Only one number is wanted here: how many lines of the data hold "imports".

---------- Extracted material

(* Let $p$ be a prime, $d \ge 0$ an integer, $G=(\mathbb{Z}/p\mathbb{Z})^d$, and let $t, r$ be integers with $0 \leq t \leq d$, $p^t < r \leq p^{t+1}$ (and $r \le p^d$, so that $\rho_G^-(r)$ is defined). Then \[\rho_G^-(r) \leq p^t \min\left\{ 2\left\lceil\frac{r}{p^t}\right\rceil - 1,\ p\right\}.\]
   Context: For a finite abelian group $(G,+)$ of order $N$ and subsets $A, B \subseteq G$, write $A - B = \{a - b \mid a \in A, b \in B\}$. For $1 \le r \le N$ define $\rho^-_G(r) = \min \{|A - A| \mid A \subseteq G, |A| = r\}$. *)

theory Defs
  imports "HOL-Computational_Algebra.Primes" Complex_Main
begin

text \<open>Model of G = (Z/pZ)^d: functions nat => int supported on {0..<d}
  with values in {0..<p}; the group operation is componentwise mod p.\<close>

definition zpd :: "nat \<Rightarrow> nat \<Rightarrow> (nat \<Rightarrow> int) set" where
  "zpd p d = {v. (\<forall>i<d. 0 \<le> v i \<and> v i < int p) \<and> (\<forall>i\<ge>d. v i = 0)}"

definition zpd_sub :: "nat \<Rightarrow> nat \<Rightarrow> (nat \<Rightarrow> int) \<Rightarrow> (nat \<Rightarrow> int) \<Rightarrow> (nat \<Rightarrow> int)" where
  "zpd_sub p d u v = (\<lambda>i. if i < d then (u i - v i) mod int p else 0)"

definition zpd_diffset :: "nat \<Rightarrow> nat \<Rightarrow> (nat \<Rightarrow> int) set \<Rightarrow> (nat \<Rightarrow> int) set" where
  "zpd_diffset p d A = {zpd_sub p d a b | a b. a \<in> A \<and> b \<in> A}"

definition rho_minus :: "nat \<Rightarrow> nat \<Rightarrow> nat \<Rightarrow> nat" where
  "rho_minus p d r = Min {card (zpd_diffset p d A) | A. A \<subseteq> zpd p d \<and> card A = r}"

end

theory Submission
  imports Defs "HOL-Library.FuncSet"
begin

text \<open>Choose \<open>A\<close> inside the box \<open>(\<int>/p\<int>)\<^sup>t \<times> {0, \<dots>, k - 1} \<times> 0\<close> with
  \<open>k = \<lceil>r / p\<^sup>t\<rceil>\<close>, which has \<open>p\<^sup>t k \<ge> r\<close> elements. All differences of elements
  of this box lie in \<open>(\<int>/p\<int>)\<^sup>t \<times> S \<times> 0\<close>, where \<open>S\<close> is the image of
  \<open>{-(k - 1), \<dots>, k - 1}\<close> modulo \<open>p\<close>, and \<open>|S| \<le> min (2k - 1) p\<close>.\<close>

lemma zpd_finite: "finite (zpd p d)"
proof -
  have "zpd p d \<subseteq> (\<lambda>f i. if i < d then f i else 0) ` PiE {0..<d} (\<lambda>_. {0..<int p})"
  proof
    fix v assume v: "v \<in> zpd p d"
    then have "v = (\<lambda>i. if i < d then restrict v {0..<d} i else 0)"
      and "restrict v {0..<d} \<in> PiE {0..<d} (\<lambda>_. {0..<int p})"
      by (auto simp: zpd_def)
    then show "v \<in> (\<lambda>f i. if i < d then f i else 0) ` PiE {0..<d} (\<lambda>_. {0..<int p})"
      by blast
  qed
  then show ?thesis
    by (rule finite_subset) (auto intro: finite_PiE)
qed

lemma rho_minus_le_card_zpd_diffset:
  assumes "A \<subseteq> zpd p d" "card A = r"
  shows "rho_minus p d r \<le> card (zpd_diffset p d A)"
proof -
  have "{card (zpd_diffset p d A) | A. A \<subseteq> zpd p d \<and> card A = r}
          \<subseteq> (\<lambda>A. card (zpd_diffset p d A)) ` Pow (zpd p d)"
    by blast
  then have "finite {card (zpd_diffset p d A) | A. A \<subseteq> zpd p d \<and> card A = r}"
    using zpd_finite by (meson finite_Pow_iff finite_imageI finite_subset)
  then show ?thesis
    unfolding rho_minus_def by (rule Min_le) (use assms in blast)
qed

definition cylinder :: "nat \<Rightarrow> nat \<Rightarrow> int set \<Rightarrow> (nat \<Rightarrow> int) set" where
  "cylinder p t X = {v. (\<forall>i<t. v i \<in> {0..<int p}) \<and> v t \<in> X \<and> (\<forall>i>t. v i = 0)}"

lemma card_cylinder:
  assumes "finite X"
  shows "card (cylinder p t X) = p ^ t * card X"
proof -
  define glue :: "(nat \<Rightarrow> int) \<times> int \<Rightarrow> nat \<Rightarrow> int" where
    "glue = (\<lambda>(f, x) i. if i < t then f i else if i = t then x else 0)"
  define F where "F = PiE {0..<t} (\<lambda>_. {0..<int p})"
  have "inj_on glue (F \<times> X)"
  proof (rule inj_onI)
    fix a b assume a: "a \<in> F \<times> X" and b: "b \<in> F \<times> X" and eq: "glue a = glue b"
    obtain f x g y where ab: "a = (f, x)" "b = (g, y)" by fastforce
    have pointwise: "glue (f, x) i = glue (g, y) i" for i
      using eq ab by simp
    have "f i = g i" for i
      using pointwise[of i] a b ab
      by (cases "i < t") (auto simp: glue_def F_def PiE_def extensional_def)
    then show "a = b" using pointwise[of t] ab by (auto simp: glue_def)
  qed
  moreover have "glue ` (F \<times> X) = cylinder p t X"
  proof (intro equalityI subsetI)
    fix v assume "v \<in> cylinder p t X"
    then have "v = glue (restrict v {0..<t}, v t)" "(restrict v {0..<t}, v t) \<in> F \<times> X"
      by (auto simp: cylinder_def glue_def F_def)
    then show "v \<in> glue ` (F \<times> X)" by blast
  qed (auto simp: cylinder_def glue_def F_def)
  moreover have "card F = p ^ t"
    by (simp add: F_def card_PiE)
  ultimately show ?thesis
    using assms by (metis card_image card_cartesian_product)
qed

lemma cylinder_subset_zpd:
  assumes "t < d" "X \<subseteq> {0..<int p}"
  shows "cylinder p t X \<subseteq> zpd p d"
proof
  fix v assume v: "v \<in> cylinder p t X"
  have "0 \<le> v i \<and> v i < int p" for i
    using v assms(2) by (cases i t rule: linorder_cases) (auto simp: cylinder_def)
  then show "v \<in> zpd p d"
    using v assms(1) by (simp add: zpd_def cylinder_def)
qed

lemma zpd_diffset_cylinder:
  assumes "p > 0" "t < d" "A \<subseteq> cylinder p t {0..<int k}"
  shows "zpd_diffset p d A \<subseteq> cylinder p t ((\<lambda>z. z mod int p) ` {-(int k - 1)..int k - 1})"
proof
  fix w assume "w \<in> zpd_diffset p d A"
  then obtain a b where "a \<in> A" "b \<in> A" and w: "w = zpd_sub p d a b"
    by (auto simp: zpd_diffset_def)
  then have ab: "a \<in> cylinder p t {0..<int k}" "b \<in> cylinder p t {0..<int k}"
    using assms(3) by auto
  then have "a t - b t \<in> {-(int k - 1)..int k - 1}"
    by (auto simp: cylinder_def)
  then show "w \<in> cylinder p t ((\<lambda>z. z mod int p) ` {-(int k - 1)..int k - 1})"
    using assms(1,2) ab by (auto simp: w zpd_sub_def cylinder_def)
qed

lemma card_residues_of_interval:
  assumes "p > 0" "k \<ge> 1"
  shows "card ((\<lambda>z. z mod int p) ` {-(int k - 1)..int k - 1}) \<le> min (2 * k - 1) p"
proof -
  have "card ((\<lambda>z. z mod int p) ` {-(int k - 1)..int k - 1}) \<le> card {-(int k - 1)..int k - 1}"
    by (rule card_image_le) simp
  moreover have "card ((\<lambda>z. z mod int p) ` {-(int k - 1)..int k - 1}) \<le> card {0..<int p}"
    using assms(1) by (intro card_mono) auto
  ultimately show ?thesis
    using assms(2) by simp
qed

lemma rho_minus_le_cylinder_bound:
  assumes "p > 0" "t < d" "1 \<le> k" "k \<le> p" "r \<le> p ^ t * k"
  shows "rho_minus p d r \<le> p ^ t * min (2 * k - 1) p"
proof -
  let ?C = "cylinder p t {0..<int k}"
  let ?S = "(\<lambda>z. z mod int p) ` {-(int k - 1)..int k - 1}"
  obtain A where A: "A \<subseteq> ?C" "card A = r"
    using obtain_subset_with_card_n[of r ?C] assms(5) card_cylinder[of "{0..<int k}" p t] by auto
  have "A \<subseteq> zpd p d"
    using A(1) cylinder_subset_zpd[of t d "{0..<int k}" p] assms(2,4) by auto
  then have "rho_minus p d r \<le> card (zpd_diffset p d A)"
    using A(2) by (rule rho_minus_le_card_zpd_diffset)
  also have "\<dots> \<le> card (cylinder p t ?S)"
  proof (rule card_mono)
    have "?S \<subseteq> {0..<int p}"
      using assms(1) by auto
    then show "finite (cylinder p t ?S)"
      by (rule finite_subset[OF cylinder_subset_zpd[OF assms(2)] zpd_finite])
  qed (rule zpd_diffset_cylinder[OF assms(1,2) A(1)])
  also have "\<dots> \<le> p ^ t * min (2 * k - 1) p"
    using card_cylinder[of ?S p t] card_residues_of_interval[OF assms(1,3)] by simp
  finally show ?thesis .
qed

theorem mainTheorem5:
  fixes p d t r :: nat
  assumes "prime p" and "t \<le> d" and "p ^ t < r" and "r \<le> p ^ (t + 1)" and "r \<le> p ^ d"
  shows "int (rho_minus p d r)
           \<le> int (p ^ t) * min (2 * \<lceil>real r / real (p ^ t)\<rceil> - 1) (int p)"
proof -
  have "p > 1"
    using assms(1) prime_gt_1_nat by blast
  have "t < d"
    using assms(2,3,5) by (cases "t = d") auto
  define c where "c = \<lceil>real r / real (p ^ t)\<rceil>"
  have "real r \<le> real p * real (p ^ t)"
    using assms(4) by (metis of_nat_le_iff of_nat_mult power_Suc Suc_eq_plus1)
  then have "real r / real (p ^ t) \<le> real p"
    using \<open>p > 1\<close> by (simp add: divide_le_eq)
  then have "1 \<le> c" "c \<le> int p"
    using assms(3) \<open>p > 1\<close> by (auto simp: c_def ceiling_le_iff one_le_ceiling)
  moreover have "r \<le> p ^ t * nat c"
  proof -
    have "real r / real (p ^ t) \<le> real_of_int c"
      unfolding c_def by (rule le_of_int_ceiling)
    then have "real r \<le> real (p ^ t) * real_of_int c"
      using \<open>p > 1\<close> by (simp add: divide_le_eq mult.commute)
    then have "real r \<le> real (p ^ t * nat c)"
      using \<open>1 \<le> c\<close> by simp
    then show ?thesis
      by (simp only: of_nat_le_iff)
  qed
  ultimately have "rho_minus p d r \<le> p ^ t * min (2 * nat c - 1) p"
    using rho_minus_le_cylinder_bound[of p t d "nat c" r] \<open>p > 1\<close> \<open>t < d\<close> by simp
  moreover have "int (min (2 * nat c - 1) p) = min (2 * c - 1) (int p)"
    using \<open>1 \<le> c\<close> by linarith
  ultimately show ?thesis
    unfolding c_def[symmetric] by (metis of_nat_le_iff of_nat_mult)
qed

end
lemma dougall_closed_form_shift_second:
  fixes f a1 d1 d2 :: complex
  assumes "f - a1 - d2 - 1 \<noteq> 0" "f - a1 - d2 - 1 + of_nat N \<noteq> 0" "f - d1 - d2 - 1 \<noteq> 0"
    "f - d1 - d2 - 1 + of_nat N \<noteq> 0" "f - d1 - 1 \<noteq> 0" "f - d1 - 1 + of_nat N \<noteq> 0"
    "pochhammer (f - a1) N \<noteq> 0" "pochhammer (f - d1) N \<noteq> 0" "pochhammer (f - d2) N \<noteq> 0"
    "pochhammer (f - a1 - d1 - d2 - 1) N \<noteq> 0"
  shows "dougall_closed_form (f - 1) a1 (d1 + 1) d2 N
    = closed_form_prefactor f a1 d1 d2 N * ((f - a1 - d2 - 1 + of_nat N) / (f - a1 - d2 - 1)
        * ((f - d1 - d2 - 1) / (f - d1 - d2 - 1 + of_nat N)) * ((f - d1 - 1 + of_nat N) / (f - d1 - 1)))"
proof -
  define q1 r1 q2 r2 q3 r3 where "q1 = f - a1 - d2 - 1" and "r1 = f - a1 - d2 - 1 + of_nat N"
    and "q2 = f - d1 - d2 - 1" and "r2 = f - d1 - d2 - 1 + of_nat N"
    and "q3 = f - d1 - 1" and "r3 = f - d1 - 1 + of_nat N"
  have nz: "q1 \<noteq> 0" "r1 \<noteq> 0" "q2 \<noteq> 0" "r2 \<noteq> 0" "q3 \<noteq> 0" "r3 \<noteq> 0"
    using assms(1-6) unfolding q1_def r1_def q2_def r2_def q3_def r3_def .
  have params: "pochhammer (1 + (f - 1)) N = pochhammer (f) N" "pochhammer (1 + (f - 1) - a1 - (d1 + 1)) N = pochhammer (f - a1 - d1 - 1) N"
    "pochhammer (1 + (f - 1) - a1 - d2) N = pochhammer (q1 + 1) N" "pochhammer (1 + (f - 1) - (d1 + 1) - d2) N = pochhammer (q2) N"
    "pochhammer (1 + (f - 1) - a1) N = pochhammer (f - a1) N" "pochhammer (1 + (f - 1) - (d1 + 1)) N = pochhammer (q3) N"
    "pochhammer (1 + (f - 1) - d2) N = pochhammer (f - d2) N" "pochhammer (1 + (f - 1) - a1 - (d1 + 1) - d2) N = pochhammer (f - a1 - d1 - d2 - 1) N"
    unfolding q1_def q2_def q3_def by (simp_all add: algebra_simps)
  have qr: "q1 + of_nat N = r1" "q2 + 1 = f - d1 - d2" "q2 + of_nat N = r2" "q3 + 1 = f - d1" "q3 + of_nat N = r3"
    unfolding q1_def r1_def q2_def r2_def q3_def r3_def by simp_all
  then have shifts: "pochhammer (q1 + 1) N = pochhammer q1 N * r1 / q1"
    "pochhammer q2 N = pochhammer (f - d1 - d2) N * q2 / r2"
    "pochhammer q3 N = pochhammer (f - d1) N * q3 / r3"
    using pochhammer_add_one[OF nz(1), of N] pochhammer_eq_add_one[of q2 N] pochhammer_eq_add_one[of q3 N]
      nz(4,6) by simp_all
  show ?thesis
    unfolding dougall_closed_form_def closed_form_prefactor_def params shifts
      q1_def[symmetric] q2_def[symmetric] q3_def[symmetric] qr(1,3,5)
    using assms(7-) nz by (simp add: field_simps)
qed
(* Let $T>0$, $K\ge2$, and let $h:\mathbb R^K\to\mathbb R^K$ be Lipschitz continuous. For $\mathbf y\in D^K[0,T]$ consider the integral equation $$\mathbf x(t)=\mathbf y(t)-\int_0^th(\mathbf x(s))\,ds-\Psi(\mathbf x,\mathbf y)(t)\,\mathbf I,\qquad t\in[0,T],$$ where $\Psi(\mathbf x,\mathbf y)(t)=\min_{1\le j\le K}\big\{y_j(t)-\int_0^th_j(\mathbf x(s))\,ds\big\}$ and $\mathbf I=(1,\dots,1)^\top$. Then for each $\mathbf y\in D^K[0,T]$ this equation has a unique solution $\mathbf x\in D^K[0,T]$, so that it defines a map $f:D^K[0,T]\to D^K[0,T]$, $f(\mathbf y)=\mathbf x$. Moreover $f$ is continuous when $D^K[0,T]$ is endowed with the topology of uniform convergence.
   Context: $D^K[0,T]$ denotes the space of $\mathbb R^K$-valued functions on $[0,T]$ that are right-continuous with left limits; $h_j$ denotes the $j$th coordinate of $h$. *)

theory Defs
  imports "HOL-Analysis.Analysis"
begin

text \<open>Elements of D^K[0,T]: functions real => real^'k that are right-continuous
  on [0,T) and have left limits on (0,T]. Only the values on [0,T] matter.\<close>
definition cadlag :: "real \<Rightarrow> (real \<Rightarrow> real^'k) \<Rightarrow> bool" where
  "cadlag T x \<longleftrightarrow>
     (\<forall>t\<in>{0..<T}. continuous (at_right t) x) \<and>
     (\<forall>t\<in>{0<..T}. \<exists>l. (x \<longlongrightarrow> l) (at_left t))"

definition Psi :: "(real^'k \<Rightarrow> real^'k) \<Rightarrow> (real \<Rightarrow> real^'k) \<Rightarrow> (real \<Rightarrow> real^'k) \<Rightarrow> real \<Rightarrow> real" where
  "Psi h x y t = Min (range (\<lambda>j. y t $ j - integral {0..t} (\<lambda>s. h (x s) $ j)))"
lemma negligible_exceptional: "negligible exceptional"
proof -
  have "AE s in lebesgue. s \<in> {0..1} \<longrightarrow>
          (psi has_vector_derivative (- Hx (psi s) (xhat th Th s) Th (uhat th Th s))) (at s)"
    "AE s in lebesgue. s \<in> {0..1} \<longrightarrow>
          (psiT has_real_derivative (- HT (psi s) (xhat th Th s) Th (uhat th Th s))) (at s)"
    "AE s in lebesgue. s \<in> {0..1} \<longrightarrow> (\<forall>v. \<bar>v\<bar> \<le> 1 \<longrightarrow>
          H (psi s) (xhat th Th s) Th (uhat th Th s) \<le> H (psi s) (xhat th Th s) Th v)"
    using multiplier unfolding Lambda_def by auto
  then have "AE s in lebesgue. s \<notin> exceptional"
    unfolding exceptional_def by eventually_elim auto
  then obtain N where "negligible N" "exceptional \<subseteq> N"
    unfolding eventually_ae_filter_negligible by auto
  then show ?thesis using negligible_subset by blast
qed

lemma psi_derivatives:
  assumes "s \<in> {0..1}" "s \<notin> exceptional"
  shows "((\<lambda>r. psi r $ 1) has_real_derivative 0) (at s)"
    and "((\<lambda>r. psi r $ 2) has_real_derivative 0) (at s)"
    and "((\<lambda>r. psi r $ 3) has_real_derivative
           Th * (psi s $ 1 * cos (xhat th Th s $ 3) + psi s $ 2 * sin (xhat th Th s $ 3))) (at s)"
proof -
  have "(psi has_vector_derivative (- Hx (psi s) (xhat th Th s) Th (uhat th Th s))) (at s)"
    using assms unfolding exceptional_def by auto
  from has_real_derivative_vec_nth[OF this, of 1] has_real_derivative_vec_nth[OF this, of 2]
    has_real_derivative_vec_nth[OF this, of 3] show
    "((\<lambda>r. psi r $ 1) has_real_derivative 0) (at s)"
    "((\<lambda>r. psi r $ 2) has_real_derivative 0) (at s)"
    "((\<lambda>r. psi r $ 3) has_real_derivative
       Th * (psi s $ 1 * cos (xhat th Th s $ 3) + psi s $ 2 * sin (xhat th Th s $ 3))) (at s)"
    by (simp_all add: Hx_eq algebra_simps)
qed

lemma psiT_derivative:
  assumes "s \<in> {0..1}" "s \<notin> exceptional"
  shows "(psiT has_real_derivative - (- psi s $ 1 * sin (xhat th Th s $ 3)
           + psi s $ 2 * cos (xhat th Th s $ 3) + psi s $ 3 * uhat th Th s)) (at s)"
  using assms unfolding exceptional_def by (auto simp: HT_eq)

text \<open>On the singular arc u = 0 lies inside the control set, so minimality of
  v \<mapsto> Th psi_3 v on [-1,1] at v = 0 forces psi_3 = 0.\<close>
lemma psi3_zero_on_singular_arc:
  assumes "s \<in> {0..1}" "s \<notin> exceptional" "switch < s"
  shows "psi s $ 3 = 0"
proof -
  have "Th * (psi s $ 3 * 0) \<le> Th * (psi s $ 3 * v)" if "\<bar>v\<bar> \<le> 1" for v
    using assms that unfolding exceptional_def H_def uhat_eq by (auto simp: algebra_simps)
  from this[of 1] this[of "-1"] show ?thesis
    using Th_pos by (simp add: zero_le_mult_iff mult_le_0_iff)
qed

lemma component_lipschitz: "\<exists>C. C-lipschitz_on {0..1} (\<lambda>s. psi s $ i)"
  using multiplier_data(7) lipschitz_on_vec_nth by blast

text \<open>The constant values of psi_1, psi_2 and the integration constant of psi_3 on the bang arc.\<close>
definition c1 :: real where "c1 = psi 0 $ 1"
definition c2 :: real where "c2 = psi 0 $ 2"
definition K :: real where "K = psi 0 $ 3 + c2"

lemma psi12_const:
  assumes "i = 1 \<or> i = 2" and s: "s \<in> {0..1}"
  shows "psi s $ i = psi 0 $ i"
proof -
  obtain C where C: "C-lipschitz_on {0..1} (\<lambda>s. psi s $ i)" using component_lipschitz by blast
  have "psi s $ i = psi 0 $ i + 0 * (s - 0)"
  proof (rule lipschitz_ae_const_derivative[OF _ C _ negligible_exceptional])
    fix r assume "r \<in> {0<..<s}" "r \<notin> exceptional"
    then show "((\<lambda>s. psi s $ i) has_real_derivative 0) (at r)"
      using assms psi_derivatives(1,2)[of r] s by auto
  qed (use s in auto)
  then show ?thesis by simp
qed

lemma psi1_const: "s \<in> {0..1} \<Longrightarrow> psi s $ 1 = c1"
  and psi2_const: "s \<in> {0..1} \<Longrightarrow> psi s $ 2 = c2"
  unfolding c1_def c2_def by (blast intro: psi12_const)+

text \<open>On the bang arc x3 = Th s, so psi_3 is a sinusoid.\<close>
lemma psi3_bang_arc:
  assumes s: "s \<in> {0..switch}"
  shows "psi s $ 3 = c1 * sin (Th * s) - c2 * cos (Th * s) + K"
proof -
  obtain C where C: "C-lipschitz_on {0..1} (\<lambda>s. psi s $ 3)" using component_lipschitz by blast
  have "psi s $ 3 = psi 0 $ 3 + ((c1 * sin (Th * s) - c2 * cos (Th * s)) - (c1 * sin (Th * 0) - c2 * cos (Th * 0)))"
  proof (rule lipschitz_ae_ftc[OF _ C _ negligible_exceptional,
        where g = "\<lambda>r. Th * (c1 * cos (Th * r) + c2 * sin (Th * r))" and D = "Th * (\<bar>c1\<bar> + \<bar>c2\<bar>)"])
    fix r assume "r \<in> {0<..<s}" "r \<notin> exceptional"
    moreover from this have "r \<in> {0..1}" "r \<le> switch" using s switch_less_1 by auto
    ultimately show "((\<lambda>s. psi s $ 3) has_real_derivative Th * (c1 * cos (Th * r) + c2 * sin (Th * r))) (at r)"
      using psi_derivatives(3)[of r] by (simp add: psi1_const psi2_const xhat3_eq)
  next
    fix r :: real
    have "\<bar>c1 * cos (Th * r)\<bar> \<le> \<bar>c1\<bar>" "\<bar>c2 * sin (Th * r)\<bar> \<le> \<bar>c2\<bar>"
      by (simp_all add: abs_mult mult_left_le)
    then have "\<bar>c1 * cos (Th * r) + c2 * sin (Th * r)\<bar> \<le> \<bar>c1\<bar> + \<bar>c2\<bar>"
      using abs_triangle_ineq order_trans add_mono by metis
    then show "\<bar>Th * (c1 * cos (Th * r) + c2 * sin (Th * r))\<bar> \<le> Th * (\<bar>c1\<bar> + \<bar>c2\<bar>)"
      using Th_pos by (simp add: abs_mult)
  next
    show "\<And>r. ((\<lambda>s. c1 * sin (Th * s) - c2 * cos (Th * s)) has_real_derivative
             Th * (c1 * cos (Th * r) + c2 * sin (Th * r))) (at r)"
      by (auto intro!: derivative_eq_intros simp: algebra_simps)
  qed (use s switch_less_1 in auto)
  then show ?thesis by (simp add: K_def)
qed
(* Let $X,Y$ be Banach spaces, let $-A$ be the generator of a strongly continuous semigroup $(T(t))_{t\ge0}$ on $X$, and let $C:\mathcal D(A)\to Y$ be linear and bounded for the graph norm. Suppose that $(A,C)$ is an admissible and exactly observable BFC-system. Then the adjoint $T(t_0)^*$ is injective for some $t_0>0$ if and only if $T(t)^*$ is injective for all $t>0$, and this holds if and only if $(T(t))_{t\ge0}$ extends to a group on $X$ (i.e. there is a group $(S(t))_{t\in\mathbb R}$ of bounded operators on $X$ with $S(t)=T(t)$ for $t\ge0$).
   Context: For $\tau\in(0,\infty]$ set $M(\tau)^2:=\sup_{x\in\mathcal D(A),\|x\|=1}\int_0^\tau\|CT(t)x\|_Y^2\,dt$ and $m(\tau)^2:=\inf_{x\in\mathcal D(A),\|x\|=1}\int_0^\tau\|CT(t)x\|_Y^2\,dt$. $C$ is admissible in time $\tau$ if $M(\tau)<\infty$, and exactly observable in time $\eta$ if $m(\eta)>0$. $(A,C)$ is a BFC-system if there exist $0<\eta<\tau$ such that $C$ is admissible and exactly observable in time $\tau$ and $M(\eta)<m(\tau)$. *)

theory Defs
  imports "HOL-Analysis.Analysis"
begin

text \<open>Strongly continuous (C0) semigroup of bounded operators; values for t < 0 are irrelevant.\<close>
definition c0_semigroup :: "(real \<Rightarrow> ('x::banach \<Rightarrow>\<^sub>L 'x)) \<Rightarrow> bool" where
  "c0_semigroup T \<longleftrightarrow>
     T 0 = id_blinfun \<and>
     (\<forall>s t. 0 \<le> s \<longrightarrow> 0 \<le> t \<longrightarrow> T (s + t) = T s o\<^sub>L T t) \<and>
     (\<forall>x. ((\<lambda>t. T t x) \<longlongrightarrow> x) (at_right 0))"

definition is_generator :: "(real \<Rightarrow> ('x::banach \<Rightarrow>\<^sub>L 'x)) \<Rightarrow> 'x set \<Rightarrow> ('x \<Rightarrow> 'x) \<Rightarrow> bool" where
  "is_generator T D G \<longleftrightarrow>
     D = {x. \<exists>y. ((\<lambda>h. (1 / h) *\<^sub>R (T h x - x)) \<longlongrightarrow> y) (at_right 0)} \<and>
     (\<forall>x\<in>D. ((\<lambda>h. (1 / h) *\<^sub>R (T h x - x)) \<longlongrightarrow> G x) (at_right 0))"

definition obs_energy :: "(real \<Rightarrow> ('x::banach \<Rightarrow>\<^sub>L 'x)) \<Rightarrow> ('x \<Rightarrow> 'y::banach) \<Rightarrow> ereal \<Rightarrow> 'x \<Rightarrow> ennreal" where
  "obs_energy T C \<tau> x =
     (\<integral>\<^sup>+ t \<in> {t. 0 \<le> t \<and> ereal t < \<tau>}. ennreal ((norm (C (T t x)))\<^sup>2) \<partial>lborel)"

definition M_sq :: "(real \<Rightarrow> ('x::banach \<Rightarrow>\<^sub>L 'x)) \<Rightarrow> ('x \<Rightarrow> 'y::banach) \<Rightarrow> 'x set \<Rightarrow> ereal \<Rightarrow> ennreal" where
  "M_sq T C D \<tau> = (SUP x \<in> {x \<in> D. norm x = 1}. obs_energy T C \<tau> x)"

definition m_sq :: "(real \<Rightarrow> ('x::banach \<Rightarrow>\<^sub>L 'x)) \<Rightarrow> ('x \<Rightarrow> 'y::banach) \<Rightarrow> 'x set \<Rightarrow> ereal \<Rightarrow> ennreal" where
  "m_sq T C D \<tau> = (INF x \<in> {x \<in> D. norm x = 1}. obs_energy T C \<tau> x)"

--------------------

*Solution to this exercise*. 4